» **What is needed**:
Find how many lines of the entries contain the word "assumes", then report that figure alone.
BEGIN Material to process
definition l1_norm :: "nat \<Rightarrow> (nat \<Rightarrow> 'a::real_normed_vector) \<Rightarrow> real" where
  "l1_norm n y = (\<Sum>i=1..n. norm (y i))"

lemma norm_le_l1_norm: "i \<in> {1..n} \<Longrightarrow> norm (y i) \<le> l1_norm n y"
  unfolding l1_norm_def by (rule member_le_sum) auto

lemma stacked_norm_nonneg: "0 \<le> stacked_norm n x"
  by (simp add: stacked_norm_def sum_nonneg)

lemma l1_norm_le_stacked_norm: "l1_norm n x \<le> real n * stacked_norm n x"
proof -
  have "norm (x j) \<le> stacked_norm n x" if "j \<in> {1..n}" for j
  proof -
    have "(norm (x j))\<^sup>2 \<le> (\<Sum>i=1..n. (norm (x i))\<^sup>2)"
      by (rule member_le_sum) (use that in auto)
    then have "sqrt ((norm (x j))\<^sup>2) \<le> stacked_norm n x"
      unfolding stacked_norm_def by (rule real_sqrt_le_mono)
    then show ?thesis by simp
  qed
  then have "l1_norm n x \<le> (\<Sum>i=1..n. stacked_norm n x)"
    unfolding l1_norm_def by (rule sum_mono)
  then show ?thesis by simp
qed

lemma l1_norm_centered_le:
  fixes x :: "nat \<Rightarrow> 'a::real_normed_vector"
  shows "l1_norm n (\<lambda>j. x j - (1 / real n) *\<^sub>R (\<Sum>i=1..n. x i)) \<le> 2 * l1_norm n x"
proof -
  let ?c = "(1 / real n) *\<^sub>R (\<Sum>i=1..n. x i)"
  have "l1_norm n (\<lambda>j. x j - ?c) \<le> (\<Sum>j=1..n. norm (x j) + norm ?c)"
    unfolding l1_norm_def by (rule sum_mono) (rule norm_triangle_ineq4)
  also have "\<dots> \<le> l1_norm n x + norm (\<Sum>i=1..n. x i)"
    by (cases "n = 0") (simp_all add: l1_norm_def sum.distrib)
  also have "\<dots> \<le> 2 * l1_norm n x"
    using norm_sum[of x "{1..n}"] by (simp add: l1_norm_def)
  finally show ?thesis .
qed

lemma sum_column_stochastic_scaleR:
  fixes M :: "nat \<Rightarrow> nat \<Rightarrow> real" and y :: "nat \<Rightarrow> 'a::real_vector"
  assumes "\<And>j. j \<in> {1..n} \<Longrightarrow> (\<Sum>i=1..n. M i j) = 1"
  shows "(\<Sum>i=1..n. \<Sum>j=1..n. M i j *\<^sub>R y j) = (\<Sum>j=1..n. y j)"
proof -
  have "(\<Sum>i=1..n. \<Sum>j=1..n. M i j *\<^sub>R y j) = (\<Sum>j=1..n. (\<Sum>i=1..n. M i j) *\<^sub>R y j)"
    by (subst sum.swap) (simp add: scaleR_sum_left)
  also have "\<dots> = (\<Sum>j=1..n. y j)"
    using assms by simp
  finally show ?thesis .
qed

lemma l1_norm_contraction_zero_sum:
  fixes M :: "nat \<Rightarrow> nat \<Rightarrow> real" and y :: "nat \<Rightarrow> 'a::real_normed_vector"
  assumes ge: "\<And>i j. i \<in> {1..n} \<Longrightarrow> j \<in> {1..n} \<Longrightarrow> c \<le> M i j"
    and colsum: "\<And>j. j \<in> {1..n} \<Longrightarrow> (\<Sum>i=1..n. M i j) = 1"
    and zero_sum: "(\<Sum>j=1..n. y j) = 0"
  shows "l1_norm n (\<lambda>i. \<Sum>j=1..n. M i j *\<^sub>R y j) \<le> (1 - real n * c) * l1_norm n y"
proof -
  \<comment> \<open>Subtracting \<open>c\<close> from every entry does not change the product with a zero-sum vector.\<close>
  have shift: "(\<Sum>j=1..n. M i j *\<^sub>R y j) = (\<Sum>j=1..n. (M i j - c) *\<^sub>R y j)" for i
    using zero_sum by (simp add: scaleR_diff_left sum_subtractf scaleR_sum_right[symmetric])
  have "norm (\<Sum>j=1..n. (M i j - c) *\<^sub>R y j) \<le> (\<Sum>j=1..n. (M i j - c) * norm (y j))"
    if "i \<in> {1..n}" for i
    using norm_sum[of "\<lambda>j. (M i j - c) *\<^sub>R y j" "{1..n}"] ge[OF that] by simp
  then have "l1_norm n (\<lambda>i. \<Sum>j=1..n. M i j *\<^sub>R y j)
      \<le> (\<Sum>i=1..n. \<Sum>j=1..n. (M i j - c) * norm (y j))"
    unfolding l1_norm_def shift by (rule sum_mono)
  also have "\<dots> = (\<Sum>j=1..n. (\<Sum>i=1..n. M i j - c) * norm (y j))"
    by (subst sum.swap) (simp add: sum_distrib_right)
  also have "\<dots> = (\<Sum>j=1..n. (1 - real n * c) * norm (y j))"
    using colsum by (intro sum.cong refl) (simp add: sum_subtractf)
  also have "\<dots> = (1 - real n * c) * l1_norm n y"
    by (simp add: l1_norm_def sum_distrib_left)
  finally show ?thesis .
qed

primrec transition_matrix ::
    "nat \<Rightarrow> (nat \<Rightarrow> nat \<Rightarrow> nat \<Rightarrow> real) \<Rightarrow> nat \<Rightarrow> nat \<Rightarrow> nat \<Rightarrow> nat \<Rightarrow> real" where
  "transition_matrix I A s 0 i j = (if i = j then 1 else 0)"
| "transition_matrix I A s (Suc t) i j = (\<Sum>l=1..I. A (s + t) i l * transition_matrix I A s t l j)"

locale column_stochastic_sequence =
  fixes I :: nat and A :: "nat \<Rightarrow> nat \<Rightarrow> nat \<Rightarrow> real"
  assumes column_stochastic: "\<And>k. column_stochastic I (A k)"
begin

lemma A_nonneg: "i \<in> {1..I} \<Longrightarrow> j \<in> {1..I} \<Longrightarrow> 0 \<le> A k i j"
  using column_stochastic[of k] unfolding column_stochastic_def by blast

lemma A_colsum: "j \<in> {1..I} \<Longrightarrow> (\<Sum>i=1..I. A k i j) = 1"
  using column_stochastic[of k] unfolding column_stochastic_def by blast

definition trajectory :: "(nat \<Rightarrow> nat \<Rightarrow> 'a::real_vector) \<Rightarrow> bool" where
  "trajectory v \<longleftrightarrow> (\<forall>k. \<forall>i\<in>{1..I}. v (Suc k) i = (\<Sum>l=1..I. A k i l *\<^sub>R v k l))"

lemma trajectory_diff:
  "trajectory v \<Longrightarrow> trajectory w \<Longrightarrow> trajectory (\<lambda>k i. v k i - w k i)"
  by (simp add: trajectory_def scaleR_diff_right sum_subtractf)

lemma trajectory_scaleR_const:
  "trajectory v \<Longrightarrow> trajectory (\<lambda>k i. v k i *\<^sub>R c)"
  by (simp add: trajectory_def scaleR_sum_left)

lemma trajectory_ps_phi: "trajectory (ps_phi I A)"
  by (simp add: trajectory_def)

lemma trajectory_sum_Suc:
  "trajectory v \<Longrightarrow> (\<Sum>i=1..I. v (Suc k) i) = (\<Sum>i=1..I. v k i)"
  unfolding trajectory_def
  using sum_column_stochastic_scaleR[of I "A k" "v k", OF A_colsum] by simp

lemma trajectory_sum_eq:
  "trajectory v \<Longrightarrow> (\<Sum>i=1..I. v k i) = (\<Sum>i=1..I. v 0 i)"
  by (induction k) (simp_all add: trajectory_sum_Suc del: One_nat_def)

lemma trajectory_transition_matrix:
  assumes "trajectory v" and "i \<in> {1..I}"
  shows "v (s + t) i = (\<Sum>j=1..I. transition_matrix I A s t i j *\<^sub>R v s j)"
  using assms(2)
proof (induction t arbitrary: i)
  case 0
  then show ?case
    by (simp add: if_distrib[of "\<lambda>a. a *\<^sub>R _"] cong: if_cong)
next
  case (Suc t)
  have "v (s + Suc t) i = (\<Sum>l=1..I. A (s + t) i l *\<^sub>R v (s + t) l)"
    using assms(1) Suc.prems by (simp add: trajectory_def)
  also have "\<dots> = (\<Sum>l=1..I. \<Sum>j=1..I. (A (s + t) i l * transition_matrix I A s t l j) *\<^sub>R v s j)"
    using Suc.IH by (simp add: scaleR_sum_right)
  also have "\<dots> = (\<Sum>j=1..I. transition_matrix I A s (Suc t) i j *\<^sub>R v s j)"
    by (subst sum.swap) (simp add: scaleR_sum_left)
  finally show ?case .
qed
END Material to process
» **Response to the exercise**:
4